* _Task statement_: Type the entries again, word for word.

Material provided Start Marker

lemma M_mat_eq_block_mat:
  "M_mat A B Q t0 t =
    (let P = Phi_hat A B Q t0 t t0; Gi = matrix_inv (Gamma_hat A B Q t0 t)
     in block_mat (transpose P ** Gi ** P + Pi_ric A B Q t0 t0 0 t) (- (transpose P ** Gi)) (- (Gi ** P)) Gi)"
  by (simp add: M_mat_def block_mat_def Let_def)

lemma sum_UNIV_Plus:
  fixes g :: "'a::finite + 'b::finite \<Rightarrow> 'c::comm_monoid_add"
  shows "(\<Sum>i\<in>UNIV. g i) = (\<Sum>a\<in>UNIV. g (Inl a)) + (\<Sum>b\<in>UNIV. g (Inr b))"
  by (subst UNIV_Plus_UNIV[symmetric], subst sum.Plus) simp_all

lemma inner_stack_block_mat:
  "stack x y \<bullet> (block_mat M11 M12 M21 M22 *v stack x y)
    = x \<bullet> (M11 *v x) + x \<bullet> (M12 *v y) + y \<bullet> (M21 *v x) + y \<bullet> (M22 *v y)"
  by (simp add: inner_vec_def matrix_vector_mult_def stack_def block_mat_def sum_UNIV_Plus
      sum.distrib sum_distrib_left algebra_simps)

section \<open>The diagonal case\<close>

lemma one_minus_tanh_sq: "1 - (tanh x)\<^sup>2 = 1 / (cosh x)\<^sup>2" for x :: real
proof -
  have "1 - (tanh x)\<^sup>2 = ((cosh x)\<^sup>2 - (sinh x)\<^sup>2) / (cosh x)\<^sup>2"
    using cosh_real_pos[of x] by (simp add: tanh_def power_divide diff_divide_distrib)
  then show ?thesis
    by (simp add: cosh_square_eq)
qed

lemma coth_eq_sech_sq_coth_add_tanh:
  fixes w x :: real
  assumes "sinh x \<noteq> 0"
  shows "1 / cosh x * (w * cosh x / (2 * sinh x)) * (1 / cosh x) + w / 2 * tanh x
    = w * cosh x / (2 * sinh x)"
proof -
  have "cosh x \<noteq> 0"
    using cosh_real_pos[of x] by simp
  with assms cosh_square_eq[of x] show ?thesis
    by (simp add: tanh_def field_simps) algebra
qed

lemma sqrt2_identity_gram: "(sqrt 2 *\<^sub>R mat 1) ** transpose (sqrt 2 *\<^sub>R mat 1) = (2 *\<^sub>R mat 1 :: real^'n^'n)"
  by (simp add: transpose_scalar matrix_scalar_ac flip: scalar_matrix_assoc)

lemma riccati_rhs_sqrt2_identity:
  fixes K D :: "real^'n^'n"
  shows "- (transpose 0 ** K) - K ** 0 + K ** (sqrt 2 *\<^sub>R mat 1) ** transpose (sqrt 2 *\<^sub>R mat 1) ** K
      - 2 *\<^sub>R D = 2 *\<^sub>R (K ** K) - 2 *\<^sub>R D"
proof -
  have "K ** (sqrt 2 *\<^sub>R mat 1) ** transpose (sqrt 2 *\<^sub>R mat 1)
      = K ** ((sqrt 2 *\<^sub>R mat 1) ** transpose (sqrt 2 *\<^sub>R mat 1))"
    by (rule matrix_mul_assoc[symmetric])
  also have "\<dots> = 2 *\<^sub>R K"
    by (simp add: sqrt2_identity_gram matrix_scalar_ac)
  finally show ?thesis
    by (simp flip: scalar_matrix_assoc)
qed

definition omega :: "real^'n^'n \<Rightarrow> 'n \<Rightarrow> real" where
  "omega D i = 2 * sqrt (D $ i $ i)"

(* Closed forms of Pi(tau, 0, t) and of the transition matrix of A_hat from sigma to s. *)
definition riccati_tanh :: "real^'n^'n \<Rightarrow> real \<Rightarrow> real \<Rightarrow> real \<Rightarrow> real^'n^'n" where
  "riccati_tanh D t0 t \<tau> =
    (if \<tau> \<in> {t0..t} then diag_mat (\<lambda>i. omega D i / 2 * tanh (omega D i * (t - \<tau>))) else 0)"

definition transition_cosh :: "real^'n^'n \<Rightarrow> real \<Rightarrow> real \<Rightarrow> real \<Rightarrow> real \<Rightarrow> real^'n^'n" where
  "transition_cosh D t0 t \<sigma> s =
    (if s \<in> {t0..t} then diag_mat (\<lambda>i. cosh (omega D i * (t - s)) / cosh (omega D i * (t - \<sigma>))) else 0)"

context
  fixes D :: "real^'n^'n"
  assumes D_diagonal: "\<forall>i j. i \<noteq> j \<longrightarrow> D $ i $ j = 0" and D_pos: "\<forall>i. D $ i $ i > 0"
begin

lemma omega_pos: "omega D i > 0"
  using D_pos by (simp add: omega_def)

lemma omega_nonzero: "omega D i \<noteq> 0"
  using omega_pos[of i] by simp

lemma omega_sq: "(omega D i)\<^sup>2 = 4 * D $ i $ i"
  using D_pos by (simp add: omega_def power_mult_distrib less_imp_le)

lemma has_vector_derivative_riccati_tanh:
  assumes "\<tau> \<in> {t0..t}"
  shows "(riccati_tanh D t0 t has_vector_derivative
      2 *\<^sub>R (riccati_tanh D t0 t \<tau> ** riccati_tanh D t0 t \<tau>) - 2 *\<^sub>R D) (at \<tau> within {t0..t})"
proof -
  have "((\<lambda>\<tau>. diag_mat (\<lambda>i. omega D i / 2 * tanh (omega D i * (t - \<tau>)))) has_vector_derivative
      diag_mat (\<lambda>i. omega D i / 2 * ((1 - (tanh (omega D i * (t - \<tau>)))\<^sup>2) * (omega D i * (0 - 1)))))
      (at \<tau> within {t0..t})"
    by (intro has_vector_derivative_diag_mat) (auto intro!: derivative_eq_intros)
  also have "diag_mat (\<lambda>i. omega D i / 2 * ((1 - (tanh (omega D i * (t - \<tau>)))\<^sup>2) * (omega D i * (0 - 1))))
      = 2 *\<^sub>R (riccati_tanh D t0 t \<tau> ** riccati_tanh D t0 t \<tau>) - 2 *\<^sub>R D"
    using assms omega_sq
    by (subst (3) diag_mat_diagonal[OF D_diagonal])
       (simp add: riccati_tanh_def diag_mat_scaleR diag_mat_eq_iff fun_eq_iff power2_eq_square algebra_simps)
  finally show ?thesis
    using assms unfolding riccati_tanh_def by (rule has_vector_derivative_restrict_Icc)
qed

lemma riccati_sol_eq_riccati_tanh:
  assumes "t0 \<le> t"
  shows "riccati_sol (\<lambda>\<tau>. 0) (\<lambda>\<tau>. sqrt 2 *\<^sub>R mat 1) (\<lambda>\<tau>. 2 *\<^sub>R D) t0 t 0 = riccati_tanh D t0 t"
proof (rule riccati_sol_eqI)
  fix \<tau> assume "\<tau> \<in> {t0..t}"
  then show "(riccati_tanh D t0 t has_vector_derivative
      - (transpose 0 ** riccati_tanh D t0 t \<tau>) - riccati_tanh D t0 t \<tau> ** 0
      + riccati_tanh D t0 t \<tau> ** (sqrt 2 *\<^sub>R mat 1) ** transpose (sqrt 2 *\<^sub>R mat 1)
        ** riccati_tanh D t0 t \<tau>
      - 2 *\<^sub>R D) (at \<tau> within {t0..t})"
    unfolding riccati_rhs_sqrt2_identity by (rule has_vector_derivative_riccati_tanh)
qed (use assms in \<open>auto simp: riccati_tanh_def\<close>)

Material provided End Marker

* _Response below_:
lemma M_mat_eq_block_mat:
  "M_mat A B Q t0 t =
    (let P = Phi_hat A B Q t0 t t0; Gi = matrix_inv (Gamma_hat A B Q t0 t)
     in block_mat (transpose P ** Gi ** P + Pi_ric A B Q t0 t0 0 t) (- (transpose P ** Gi)) (- (Gi ** P)) Gi)"
  by (simp add: M_mat_def block_mat_def Let_def)

lemma sum_UNIV_Plus:
  fixes g :: "'a::finite + 'b::finite \<Rightarrow> 'c::comm_monoid_add"
  shows "(\<Sum>i\<in>UNIV. g i) = (\<Sum>a\<in>UNIV. g (Inl a)) + (\<Sum>b\<in>UNIV. g (Inr b))"
  by (subst UNIV_Plus_UNIV[symmetric], subst sum.Plus) simp_all

lemma inner_stack_block_mat:
  "stack x y \<bullet> (block_mat M11 M12 M21 M22 *v stack x y)
    = x \<bullet> (M11 *v x) + x \<bullet> (M12 *v y) + y \<bullet> (M21 *v x) + y \<bullet> (M22 *v y)"
  by (simp add: inner_vec_def matrix_vector_mult_def stack_def block_mat_def sum_UNIV_Plus
      sum.distrib sum_distrib_left algebra_simps)

section \<open>The diagonal case\<close>

lemma one_minus_tanh_sq: "1 - (tanh x)\<^sup>2 = 1 / (cosh x)\<^sup>2" for x :: real
proof -
  have "1 - (tanh x)\<^sup>2 = ((cosh x)\<^sup>2 - (sinh x)\<^sup>2) / (cosh x)\<^sup>2"
    using cosh_real_pos[of x] by (simp add: tanh_def power_divide diff_divide_distrib)
  then show ?thesis
    by (simp add: cosh_square_eq)
qed

lemma coth_eq_sech_sq_coth_add_tanh:
  fixes w x :: real
  assumes "sinh x \<noteq> 0"
  shows "1 / cosh x * (w * cosh x / (2 * sinh x)) * (1 / cosh x) + w / 2 * tanh x
    = w * cosh x / (2 * sinh x)"
proof -
  have "cosh x \<noteq> 0"
    using cosh_real_pos[of x] by simp
  with assms cosh_square_eq[of x] show ?thesis
    by (simp add: tanh_def field_simps) algebra
qed

lemma sqrt2_identity_gram: "(sqrt 2 *\<^sub>R mat 1) ** transpose (sqrt 2 *\<^sub>R mat 1) = (2 *\<^sub>R mat 1 :: real^'n^'n)"
  by (simp add: transpose_scalar matrix_scalar_ac flip: scalar_matrix_assoc)

lemma riccati_rhs_sqrt2_identity:
  fixes K D :: "real^'n^'n"
  shows "- (transpose 0 ** K) - K ** 0 + K ** (sqrt 2 *\<^sub>R mat 1) ** transpose (sqrt 2 *\<^sub>R mat 1) ** K
      - 2 *\<^sub>R D = 2 *\<^sub>R (K ** K) - 2 *\<^sub>R D"
proof -
  have "K ** (sqrt 2 *\<^sub>R mat 1) ** transpose (sqrt 2 *\<^sub>R mat 1)
      = K ** ((sqrt 2 *\<^sub>R mat 1) ** transpose (sqrt 2 *\<^sub>R mat 1))"
    by (rule matrix_mul_assoc[symmetric])
  also have "\<dots> = 2 *\<^sub>R K"
    by (simp add: sqrt2_identity_gram matrix_scalar_ac)
  finally show ?thesis
    by (simp flip: scalar_matrix_assoc)
qed

definition omega :: "real^'n^'n \<Rightarrow> 'n \<Rightarrow> real" where
  "omega D i = 2 * sqrt (D $ i $ i)"

(* Closed forms of Pi(tau, 0, t) and of the transition matrix of A_hat from sigma to s. *)
definition riccati_tanh :: "real^'n^'n \<Rightarrow> real \<Rightarrow> real \<Rightarrow> real \<Rightarrow> real^'n^'n" where
  "riccati_tanh D t0 t \<tau> =
    (if \<tau> \<in> {t0..t} then diag_mat (\<lambda>i. omega D i / 2 * tanh (omega D i * (t - \<tau>))) else 0)"

definition transition_cosh :: "real^'n^'n \<Rightarrow> real \<Rightarrow> real \<Rightarrow> real \<Rightarrow> real \<Rightarrow> real^'n^'n" where
  "transition_cosh D t0 t \<sigma> s =
    (if s \<in> {t0..t} then diag_mat (\<lambda>i. cosh (omega D i * (t - s)) / cosh (omega D i * (t - \<sigma>))) else 0)"

context
  fixes D :: "real^'n^'n"
  assumes D_diagonal: "\<forall>i j. i \<noteq> j \<longrightarrow> D $ i $ j = 0" and D_pos: "\<forall>i. D $ i $ i > 0"
begin

lemma omega_pos: "omega D i > 0"
  using D_pos by (simp add: omega_def)

lemma omega_nonzero: "omega D i \<noteq> 0"
  using omega_pos[of i] by simp

lemma omega_sq: "(omega D i)\<^sup>2 = 4 * D $ i $ i"
  using D_pos by (simp add: omega_def power_mult_distrib less_imp_le)

lemma has_vector_derivative_riccati_tanh:
  assumes "\<tau> \<in> {t0..t}"
  shows "(riccati_tanh D t0 t has_vector_derivative
      2 *\<^sub>R (riccati_tanh D t0 t \<tau> ** riccati_tanh D t0 t \<tau>) - 2 *\<^sub>R D) (at \<tau> within {t0..t})"
proof -
  have "((\<lambda>\<tau>. diag_mat (\<lambda>i. omega D i / 2 * tanh (omega D i * (t - \<tau>)))) has_vector_derivative
      diag_mat (\<lambda>i. omega D i / 2 * ((1 - (tanh (omega D i * (t - \<tau>)))\<^sup>2) * (omega D i * (0 - 1)))))
      (at \<tau> within {t0..t})"
    by (intro has_vector_derivative_diag_mat) (auto intro!: derivative_eq_intros)
  also have "diag_mat (\<lambda>i. omega D i / 2 * ((1 - (tanh (omega D i * (t - \<tau>)))\<^sup>2) * (omega D i * (0 - 1))))
      = 2 *\<^sub>R (riccati_tanh D t0 t \<tau> ** riccati_tanh D t0 t \<tau>) - 2 *\<^sub>R D"
    using assms omega_sq
    by (subst (3) diag_mat_diagonal[OF D_diagonal])
       (simp add: riccati_tanh_def diag_mat_scaleR diag_mat_eq_iff fun_eq_iff power2_eq_square algebra_simps)
  finally show ?thesis
    using assms unfolding riccati_tanh_def by (rule has_vector_derivative_restrict_Icc)
qed

lemma riccati_sol_eq_riccati_tanh:
  assumes "t0 \<le> t"
  shows "riccati_sol (\<lambda>\<tau>. 0) (\<lambda>\<tau>. sqrt 2 *\<^sub>R mat 1) (\<lambda>\<tau>. 2 *\<^sub>R D) t0 t 0 = riccati_tanh D t0 t"
proof (rule riccati_sol_eqI)
  fix \<tau> assume "\<tau> \<in> {t0..t}"
  then show "(riccati_tanh D t0 t has_vector_derivative
      - (transpose 0 ** riccati_tanh D t0 t \<tau>) - riccati_tanh D t0 t \<tau> ** 0
      + riccati_tanh D t0 t \<tau> ** (sqrt 2 *\<^sub>R mat 1) ** transpose (sqrt 2 *\<^sub>R mat 1)
        ** riccati_tanh D t0 t \<tau>
      - 2 *\<^sub>R D) (at \<tau> within {t0..t})"
    unfolding riccati_rhs_sqrt2_identity by (rule has_vector_derivative_riccati_tanh)
qed (use assms in \<open>auto simp: riccati_tanh_def\<close>)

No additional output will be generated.